Content starts

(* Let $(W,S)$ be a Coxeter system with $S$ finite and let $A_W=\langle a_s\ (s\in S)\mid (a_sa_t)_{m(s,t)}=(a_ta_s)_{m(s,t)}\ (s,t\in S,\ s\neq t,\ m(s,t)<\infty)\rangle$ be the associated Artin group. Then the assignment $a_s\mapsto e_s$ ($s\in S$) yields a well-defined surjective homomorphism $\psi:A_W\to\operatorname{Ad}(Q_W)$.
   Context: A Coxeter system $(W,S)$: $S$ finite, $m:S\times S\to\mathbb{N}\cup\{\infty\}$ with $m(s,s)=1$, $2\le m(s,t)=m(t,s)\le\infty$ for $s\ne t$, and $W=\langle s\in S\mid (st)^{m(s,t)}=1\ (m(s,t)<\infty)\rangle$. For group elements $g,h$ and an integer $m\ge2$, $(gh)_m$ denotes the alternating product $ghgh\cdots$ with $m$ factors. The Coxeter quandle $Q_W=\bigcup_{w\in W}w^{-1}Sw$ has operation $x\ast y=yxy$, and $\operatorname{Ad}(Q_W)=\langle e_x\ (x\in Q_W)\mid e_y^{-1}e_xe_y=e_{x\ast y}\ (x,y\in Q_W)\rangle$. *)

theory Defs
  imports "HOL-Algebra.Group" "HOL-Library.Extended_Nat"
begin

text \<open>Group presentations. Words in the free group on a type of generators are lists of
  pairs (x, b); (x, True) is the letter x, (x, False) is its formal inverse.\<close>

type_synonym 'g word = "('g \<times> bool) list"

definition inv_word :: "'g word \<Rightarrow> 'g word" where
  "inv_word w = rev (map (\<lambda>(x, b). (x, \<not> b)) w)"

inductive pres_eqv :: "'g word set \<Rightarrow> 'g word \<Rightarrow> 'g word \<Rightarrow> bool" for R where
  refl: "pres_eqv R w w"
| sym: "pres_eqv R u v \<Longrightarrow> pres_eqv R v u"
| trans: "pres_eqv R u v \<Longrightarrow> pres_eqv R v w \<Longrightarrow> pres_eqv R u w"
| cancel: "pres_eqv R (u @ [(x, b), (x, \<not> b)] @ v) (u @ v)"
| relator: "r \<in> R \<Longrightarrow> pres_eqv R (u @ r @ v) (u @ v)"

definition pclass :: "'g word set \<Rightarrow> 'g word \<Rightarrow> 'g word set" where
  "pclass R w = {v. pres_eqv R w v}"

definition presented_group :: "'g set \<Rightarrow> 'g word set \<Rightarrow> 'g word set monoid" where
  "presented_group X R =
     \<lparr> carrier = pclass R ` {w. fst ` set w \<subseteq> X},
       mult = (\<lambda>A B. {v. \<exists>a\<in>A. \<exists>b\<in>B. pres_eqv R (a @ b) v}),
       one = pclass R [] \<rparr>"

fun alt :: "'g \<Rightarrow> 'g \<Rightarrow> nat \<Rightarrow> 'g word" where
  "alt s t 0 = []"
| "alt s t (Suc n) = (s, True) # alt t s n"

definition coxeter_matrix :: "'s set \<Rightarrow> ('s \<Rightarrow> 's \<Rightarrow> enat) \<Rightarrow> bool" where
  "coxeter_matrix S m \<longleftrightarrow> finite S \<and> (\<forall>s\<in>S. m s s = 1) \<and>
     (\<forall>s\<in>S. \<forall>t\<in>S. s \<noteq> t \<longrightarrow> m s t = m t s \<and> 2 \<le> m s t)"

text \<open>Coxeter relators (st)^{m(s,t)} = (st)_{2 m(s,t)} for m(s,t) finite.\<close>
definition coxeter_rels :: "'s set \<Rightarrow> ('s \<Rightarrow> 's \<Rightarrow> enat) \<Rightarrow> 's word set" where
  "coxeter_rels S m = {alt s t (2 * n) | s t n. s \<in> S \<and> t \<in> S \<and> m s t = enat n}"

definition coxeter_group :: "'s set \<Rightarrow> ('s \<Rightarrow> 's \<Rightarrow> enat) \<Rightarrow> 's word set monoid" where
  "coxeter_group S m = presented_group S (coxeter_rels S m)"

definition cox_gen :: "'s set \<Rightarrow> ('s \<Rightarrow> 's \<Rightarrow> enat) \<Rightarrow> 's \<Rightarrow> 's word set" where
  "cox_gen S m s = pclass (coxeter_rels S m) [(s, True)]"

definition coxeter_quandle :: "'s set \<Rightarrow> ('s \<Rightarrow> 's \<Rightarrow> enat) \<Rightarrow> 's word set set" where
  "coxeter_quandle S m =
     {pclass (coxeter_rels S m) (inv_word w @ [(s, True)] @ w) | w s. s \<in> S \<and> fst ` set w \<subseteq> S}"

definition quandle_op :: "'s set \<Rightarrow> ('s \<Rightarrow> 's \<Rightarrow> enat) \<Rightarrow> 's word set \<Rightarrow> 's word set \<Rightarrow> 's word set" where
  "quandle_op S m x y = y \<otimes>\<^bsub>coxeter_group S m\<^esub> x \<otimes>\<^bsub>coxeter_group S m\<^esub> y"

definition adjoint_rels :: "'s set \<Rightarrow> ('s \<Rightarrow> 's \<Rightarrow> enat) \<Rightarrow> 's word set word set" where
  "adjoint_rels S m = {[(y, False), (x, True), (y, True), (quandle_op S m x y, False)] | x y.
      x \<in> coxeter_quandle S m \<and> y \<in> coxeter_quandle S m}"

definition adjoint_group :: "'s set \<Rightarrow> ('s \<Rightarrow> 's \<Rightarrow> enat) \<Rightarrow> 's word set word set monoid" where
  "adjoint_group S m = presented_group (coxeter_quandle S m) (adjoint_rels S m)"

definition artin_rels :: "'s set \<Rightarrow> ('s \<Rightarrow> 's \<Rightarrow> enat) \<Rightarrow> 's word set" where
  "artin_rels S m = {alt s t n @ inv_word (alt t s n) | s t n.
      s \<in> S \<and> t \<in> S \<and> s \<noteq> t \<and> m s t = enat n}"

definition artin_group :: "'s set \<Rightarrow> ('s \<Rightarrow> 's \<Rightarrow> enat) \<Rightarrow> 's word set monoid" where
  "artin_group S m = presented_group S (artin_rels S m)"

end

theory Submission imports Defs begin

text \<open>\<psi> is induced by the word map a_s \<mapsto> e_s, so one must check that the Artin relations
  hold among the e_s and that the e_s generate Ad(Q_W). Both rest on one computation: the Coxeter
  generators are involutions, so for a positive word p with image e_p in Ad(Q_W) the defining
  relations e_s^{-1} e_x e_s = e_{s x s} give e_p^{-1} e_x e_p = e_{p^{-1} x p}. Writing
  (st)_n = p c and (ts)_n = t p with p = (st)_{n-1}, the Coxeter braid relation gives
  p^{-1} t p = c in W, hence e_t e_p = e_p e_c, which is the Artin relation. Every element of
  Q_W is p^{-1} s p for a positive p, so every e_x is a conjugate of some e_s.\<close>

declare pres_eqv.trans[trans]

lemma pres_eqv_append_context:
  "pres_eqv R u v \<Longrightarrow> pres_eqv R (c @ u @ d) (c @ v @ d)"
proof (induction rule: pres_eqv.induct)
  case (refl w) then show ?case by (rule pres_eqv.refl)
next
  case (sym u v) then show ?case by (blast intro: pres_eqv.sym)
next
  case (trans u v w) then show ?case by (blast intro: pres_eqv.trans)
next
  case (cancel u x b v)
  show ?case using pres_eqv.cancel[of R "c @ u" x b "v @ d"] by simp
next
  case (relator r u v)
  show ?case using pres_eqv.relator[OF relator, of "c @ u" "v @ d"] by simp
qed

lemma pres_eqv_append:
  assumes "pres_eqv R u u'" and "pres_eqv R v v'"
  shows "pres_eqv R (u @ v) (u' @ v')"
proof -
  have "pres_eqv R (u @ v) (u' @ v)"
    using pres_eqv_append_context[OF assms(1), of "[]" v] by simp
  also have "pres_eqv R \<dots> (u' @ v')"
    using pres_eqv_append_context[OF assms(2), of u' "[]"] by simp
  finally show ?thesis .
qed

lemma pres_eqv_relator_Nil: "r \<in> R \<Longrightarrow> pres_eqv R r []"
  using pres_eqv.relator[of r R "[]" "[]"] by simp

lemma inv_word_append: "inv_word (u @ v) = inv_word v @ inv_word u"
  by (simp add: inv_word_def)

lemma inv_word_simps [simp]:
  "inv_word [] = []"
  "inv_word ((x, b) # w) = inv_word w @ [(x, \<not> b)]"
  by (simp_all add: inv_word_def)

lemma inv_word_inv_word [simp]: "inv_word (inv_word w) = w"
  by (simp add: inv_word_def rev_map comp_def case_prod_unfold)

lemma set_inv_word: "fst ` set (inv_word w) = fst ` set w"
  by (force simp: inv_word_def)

Content ends
Content starts

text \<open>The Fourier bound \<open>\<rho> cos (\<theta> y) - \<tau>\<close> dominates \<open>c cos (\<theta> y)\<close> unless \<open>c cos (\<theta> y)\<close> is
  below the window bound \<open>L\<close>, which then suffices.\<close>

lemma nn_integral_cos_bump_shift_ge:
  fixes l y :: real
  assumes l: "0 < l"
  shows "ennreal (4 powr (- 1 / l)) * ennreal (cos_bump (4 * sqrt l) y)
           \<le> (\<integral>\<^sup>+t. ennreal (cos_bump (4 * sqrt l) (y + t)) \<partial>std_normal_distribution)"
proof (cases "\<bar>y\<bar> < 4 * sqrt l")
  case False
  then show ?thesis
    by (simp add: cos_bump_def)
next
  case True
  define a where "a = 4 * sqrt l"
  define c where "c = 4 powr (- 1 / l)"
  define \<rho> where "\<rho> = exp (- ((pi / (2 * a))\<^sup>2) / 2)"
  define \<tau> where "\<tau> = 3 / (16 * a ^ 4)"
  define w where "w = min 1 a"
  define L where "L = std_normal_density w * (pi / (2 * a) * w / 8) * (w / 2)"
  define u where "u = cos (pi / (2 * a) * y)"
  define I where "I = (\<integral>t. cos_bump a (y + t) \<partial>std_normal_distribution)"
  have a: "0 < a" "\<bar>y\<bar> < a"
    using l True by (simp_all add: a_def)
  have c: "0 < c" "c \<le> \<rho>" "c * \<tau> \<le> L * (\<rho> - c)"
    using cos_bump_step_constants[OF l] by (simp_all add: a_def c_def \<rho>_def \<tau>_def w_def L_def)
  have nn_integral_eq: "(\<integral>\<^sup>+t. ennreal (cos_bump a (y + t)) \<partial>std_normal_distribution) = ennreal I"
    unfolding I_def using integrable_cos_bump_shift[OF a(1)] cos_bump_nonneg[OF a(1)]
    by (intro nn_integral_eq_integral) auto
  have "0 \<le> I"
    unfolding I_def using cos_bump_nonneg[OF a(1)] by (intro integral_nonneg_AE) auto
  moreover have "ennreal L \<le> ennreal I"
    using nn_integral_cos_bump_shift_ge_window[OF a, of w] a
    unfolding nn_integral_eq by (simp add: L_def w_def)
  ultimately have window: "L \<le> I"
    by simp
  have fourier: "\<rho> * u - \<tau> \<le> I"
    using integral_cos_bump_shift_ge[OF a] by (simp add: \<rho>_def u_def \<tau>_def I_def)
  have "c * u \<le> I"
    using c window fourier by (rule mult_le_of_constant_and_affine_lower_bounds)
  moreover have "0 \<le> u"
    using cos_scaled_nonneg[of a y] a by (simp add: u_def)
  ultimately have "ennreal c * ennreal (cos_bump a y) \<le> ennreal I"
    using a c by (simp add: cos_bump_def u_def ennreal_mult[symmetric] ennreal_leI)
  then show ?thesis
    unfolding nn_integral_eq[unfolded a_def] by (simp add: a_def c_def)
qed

Content ends

* _EXERCISE_
Wherever the string "blast" appears in the records above, copy the line it sits in.

* _EXPECTED ANSWER_
  case (sym u v) then show ?case by (blast intro: pres_eqv.sym)
  case (trans u v w) then show ?case by (blast intro: pres_eqv.trans)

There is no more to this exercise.